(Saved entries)
##############################

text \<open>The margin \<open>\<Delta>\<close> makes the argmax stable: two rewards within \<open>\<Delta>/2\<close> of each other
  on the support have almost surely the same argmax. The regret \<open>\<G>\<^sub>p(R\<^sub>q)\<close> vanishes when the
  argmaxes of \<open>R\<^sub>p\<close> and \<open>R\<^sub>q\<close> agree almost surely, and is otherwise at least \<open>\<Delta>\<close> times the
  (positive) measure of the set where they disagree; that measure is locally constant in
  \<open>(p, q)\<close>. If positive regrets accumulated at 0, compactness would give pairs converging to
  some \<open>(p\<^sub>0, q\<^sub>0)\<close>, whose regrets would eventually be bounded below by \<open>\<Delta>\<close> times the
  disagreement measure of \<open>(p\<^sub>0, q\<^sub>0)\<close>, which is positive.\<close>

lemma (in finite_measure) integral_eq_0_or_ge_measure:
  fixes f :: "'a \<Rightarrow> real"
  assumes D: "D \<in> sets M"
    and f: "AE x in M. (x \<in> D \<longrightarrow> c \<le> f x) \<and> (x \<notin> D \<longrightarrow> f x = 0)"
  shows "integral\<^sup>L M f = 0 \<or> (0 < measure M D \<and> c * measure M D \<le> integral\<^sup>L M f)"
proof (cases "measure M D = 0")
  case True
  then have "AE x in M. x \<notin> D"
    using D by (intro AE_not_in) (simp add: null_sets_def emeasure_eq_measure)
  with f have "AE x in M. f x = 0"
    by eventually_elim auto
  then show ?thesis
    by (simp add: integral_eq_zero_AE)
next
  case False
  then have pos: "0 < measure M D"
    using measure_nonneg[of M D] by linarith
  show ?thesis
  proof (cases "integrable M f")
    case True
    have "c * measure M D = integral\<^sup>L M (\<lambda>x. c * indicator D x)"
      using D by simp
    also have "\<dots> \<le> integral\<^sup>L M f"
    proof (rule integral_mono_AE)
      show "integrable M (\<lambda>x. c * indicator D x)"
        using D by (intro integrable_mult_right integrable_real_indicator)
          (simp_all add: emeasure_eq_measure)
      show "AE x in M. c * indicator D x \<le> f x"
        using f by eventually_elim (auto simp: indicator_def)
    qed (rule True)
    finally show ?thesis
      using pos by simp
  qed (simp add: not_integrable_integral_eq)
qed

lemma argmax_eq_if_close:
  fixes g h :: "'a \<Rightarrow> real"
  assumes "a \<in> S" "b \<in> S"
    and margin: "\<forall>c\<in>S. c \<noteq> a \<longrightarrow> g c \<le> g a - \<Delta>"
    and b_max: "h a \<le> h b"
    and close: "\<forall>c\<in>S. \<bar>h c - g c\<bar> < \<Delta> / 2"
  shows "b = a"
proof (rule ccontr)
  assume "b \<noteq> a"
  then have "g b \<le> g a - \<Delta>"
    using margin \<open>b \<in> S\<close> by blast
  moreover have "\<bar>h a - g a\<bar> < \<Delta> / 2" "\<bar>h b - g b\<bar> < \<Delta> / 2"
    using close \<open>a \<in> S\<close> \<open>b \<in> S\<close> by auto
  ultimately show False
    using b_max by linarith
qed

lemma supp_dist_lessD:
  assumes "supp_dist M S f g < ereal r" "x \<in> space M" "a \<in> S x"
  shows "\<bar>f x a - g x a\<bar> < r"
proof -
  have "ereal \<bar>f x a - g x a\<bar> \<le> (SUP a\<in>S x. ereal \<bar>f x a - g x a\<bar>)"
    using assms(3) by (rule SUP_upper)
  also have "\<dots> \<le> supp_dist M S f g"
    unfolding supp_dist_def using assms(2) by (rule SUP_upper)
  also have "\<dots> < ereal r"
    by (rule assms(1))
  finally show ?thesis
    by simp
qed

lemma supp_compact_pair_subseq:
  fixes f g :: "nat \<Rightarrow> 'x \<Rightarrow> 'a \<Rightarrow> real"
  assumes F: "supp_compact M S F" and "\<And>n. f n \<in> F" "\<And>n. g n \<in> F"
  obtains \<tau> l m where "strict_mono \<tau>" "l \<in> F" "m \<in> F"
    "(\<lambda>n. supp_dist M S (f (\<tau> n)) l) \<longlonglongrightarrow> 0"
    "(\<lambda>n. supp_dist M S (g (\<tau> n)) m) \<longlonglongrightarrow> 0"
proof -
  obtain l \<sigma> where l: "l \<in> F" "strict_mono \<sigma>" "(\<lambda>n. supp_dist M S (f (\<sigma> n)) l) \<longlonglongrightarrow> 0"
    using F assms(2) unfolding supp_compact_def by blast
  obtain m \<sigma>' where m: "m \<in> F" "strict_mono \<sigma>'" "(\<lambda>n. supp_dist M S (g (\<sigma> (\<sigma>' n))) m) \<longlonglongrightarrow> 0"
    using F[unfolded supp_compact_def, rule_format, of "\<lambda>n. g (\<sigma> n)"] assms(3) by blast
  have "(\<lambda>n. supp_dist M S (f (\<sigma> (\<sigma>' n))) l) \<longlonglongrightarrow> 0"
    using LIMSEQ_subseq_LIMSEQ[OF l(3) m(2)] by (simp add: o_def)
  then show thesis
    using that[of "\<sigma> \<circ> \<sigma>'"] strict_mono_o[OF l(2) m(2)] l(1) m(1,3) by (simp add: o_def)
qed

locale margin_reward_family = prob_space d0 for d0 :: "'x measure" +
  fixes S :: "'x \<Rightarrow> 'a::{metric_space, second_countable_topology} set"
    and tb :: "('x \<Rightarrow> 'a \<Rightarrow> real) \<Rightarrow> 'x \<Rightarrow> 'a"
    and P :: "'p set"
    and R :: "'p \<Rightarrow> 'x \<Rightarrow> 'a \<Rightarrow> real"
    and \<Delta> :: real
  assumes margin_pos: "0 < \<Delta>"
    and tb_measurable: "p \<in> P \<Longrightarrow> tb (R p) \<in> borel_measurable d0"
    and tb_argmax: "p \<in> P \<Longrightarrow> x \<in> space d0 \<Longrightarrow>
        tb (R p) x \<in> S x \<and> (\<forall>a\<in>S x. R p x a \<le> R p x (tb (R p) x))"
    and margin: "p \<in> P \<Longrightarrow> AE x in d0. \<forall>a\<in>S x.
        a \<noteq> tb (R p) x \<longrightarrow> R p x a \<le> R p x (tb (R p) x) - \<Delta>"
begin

##############################

## WORK INSTRUCTIONS:
Give back the entries above exactly as they are, from their first line through the line that contains "on the support", both included, with nothing else.

## RESPONSE TO THE EXERCISE:
text \<open>The margin \<open>\<Delta>\<close> makes the argmax stable: two rewards within \<open>\<Delta>/2\<close> of each other
  on the support have almost surely the same argmax. The regret \<open>\<G>\<^sub>p(R\<^sub>q)\<close> vanishes when the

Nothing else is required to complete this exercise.